Read The Woman Who Rode the Wind Page 17


  “I will follow the line of the aqueduct down to the first crossing of the Seine...” he said. Then he stopped as he saw the pain in Guillaume’s face. For a moment the two studied each other. The depths of despair in Guillaume’s eyes might have warned another man of danger.

  “What do I tell him,” Guillaume thought. “That I have betrayed him?” He started to speak, to say something, anything that would stop what was going to happen...but Alain silenced him with an upraised hand.

  “Don’t worry, old friend,” he told Guillaume. “I’m not afraid to go up there today. It’s something else that’s bothering me. I’d rather be up there than down here among people. I’m used to that kind of danger. I enjoy it. This is the moment that I’ve spent my whole life training for. All I need is to ‘Have a little courage.’”

  Alain turned and sprang into the metal gondola of the airship like a cat leaping from floor to table, an unconscious display. He gave a sign to two of his mechanics who turned the big windmill sails of his propeller until they started to beat the air like kettledrums. Guillaume’s last words were swallowed by the backwash.

  * * *

  It was a hot, muggy morning, and the mist was rolling off the Seine when Mary Ann and Harding arrived at the Eiffel Tower. The reviewing stand, where the Aéro Club, the generals and the nobility would watch Alain’s flight, had been set up near the Pont d’Iéna bridge so that they would have a full view of the top of the Tower. Mary Ann saw that the bottom of the grandstand was packed with uniforms and dark suits, but at the top, Henri Meurthe had a place all to himself. Well, almost to himself. Yvette stood beside him.

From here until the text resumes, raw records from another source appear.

(* For $\alpha,\beta>0$ with $\alpha\beta=\pi^2$, \[ \sum_{n=1}^{\infty}\frac{e^{n\alpha}}{n\left(e^{2n\alpha}-1\right)}-\sum_{n=1}^{\infty}\frac{(-1)^n}{n\left(e^{2n\beta}-1\right)}=-\frac{1}{2}\log 2+\frac{\alpha+2\beta}{24}. \] *)

theory Defs
  imports "HOL-Analysis.Analysis"
begin

end

theory Submission
  imports Defs "HOL-Decision_Procs.Approximation_Bounds"
begin

text \<open>
  Write S(y) for the sum of eta_term y n over n, that is the sum of 1 / (n (exp (2 pi n y) - 1))
  over n \<ge> 1. Splitting the first series with E / (E^2 - 1) = 1 / (E - 1) - 1 / (E^2 - 1), and
  the alternating series into its even and odd terms, the left-hand side becomes
  (S(y/2) - S(2/y)) - (S(y) - S(1/y)) for y = alpha / pi, because alpha beta = pi^2. The theorem
  is thus the transformation law S(y) - S(1/y) = pi / (12 y) - pi y / 12 + (ln y) / 2 of the
  Dedekind eta function, used at y and at y / 2.

  The partial fraction expansion of coth,
  obtained from the reflection formula for the digamma function, expands every term of S(y) and
  of S(1/y) into a series of lattice terms y / (n^2 y^2 + k^2) plus explicit corrections.
  Truncating the double series at n \<le> N and k \<le> M, the finite rectangles of the two
  expansions coincide. For M close to N y the corrections tend to the right-hand side, using
  the sum of 1 / n^2 and the asymptotics of the harmonic numbers, while both tails are Riemann
  sums of the integral of arctan t / t over [0, 1] and cancel in the limit.
\<close>

section \<open>Partial fractions for the hyperbolic cotangent\<close>

lemma Digamma_reflection_complex:
  fixes z :: complex
  assumes z: "z \<notin> \<int>"
  shows "Digamma (1 - z) - Digamma z = of_real pi * cot (of_real pi * z)"
proof -
  have z1: "z \<notin> \<int>\<^sub>\<le>\<^sub>0" using z nonpos_Ints_subset_Ints by blast
  have z2: "1 - z \<notin> \<int>\<^sub>\<le>\<^sub>0" using z nonpos_Ints_subset_Ints Ints_diff[of 1 "1-z"] by force
  \<comment> \<open>Differentiate the reflection formula rGamma w * rGamma (1 - w) = sin (pi w) / pi.\<close>
  have "((\<lambda>w. rGamma w * rGamma (1 - w)) has_field_derivative
      rGamma z * rGamma (1 - z) * (Digamma (1 - z) - Digamma z)) (at z)"
  proof -
    have "((\<lambda>w. rGamma (1 - w)) has_field_derivative (-rGamma (1 - z) * Digamma (1 - z)) * (-1)) (at z)"
      by (rule DERIV_chain2[where f = rGamma and g = "\<lambda>w. 1 - w"])
        (use has_field_derivative_rGamma_no_nonpos_int[OF z2] in \<open>auto intro!: derivative_eq_intros\<close>)
    from DERIV_mult[OF has_field_derivative_rGamma_no_nonpos_int[OF z1] this] show ?thesis
      by (rule DERIV_cong) (simp add: algebra_simps)
  qed
  moreover have "((\<lambda>w. rGamma w * rGamma (1 - w)) has_field_derivative cos (of_real pi * z)) (at z)"
    unfolding rGamma_reflection_complex by (auto intro!: derivative_eq_intros)
  ultimately have "sin (of_real pi * z) / of_real pi * (Digamma (1 - z) - Digamma z) = cos (of_real pi * z)"
    by (simp add: DERIV_unique rGamma_reflection_complex)
  moreover have "sin (of_real pi * z) \<noteq> 0"
    using z by (auto simp: sin_eq_0)
  ultimately show ?thesis by (simp add: cot_def field_simps)
qed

  Yvette looked the way she always did; cool, beautiful, if anything, more confident than usual. She was watching through a pair of opera glasses hung on a jeweled chain around her neck, and, like a good actress, she had a magnificent backdrop, the frame of the Eiffel Tower. Behind the reviewing stand were the rockets and fireworks that would explode once Alain had triumphed.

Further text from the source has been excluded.